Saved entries
-- Opening Marker --

lemma rho_attained: "\<exists>b. b \<noteq> astar \<and> r b = \<rho>"
proof -
  have "card (-{astar}) = CARD('a) - 1" by (simp add: Compl_eq_Diff_UNIV card_Diff_subset)
  then have "-{astar} \<noteq> {}" using arms by auto
  then have "\<rho> \<in> r ` (-{astar})" unfolding rho_eq_Max by (intro Max_in) auto
  then show ?thesis by auto
qed

lemma gap_pos: "0 < \<Delta>"
proof -
  obtain b where "b \<noteq> astar" "r b = \<rho>" using rho_attained by blast
  then show ?thesis using opt[of b] by (simp add: \<rho>_def)
qed

lemma eta_pos: "0 < \<eta>"
proof -
  have "\<rho> * (1 + \<alpha>) < r astar" using alpha_gap by (simp add: \<rho>_def algebra_simps)
  then show ?thesis using alpha_pos by (simp add: \<eta>_def field_simps)
qed

lemma K_pos: "0 < K"
  using alpha_pos eta_pos by (simp add: K_def)

lemma L_ge:
  "(K * \<alpha> / (1 - \<alpha>) + 1) / (\<alpha> * \<Delta> * (\<eta> / (4 * real CARD('a)))\<^sup>2) \<le> L"
  "(K * (real CARD('a))\<^sup>2 / (1 - \<alpha>) + 4 * (real CARD('a))\<^sup>2 / \<alpha>) / \<Delta> \<le> L"
  by (simp_all add: L_def Let_def)

lemma L_nonneg: "0 \<le> L"
  by (rule order_trans[OF _ L_ge(2)]) (use K_pos alpha_pos alpha_less_1 gap_pos in simp)

lemma lyapunov_nonneg:
  assumes "p \<in> prob_vectors" "0 < p astar"
  shows "0 \<le> V p"
proof -
  have "p astar \<le> sum p UNIV"
    using assms(1) by (intro member_le_sum) (auto simp: prob_vectors_def)
  then have "p astar \<le> 1" using assms(1) by (simp add: prob_vectors_def)
  then show ?thesis using assms K_pos L_nonneg by (simp add: lyapunov_def)
qed

lemma lyapunov_le_of_ge:
  assumes "(1 - \<alpha>) / 2 \<le> x"
  shows "lyapunov K L x \<le> 2 * K / (1 - \<alpha>) + L"
proof -
  have "0 < (1 - \<alpha>) / 2" using alpha_less_1 by simp
  then have "lyapunov K L x \<le> K / ((1 - \<alpha>) / 2) + L"
    unfolding lyapunov_def using assms K_pos L_nonneg
    by (intro add_mono divide_left_mono) (auto simp: mult_left_le)
  also have "\<dots> = 2 * K / (1 - \<alpha>) + L" by simp
  finally show ?thesis .
qed

lemma drift_suboptimal_leader:
  assumes pv: "p \<in> prob_vectors" and x0: "0 < p astar"
    and s: "s \<in> argmax_arms p" "s \<noteq> astar"
  shows "(\<Sum>a\<in>UNIV. p a * r a * (V (samba_update \<alpha> p s a True) - V p)) \<le> -1"
proof -
  define x y where "x = p astar" and "y = p s"
  define u where "u = x / y"
  have xy: "x \<le> y" using s by (simp add: argmax_arms_def x_def y_def)
  have yN: "1 / real CARD('a) \<le> y" using argmax_arms_ge_inverse_card[OF pv s(1)] by (simp add: y_def)
  have x: "0 < x" using x0 by (simp add: x_def)
  then have y: "0 < y" using xy by linarith
  have u: "0 < u" "u \<le> 1" "u \<le> real CARD('a) * x"
    using x y xy yN by (auto simp: u_def field_simps)
  have "\<alpha> * u \<le> \<alpha>" using u alpha_pos by (simp add: mult_left_le)
  then have shrink: "0 < 1 - \<alpha> * u" using alpha_less_1 by linarith
  have new_x: "samba_update \<alpha> p s a True astar =
      (if a = astar then (1 + \<alpha>) * x else if a = s then (1 - \<alpha> * u) * x else x)" for a
    using s(2) y by (auto simp: samba_update_reward_other u_def x_def y_def power2_eq_square field_simps)
  have "(\<Sum>a\<in>UNIV. p a * r a * (V (samba_update \<alpha> p s a True) - V p)) =
      (\<Sum>a\<in>UNIV. (if a = astar then x * r astar * (lyapunov K L ((1 + \<alpha>) * x) - lyapunov K L x) else 0)
               + (if a = s then y * r s * (lyapunov K L ((1 - \<alpha> * u) * x) - lyapunov K L x) else 0))"
    using s(2) by (intro sum.cong refl) (auto simp: new_x x_def y_def)
  also have "\<dots> = x * r astar * (lyapunov K L ((1 + \<alpha>) * x) - lyapunov K L x)
                 + y * r s * (lyapunov K L ((1 - \<alpha> * u) * x) - lyapunov K L x)"
    by (simp add: sum.distrib)
  also have "\<dots> = \<alpha> * r s * (K / (1 - \<alpha> * u) + L * x\<^sup>2) - \<alpha> * r astar * (K / (1 + \<alpha>) + L * x\<^sup>2)"
  proof -
    define Dg Dl where "Dg = lyapunov K L ((1 + \<alpha>) * x) - lyapunov K L x"
      and "Dl = lyapunov K L ((1 - \<alpha> * u) * x) - lyapunov K L x"
    have "x * r astar * Dg = r astar * (x * Dg)" by (simp add: mult_ac)
    also have "x * Dg = (1 - (1 + \<alpha>)) * (K / (1 + \<alpha>) + L * x\<^sup>2)"
      unfolding Dg_def using x alpha_pos by (intro lyapunov_scaled_diff) auto
    finally have gain: "x * r astar * Dg = - \<alpha> * r astar * (K / (1 + \<alpha>) + L * x\<^sup>2)"
      by simp
    have "y * r s * Dl = r s / u * (x * Dl)" using x y by (simp add: u_def)
    also have "x * Dl = (1 - (1 - \<alpha> * u)) * (K / (1 - \<alpha> * u) + L * x\<^sup>2)"
      unfolding Dl_def using x shrink by (intro lyapunov_scaled_diff) auto
    finally have loss: "y * r s * Dl = \<alpha> * r s * (K / (1 - \<alpha> * u) + L * x\<^sup>2)"
      using u(1) by simp
    show ?thesis using gain loss by (simp add: Dg_def Dl_def)
  qed
  also have "\<dots> \<le> -1"
  proof (rule suboptimal_leader_drift_bound[OF alpha_pos alpha_less_1 u _ _ _ _ gap_pos _ eta_pos _ K_def L_ge(1)])
    show "0 \<le> r s" "r astar \<le> 1" using r_range by auto
    show "r s \<le> \<rho>" using suboptimal_le_rho s(2) by simp
    then show "\<Delta> \<le> r astar - r s" by (simp add: \<rho>_def)
    show "r astar / (1 + \<alpha>) = \<rho> + \<eta>" by (simp add: \<eta>_def)
  qed simp
  finally show ?thesis .
qed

-- Closing Marker --

TASK GOAL: All that is wanted is the line with "unfolding Dg_def using" and every later line in the entries, reproduced exactly.

EXPECTED ANSWER:
      unfolding Dg_def using x alpha_pos by (intro lyapunov_scaled_diff) auto
    finally have gain: "x * r astar * Dg = - \<alpha> * r astar * (K / (1 + \<alpha>) + L * x\<^sup>2)"
      by simp
    have "y * r s * Dl = r s / u * (x * Dl)" using x y by (simp add: u_def)
    also have "x * Dl = (1 - (1 - \<alpha> * u)) * (K / (1 - \<alpha> * u) + L * x\<^sup>2)"
      unfolding Dl_def using x shrink by (intro lyapunov_scaled_diff) auto
    finally have loss: "y * r s * Dl = \<alpha> * r s * (K / (1 - \<alpha> * u) + L * x\<^sup>2)"
      using u(1) by simp
    show ?thesis using gain loss by (simp add: Dg_def Dl_def)
  qed
  also have "\<dots> \<le> -1"
  proof (rule suboptimal_leader_drift_bound[OF alpha_pos alpha_less_1 u _ _ _ _ gap_pos _ eta_pos _ K_def L_ge(1)])
    show "0 \<le> r s" "r astar \<le> 1" using r_range by auto
    show "r s \<le> \<rho>" using suboptimal_le_rho s(2) by simp
    then show "\<Delta> \<le> r astar - r s" by (simp add: \<rho>_def)
    show "r astar / (1 + \<alpha>) = \<rho> + \<eta>" by (simp add: \<eta>_def)
  qed simp
  finally show ?thesis .
qed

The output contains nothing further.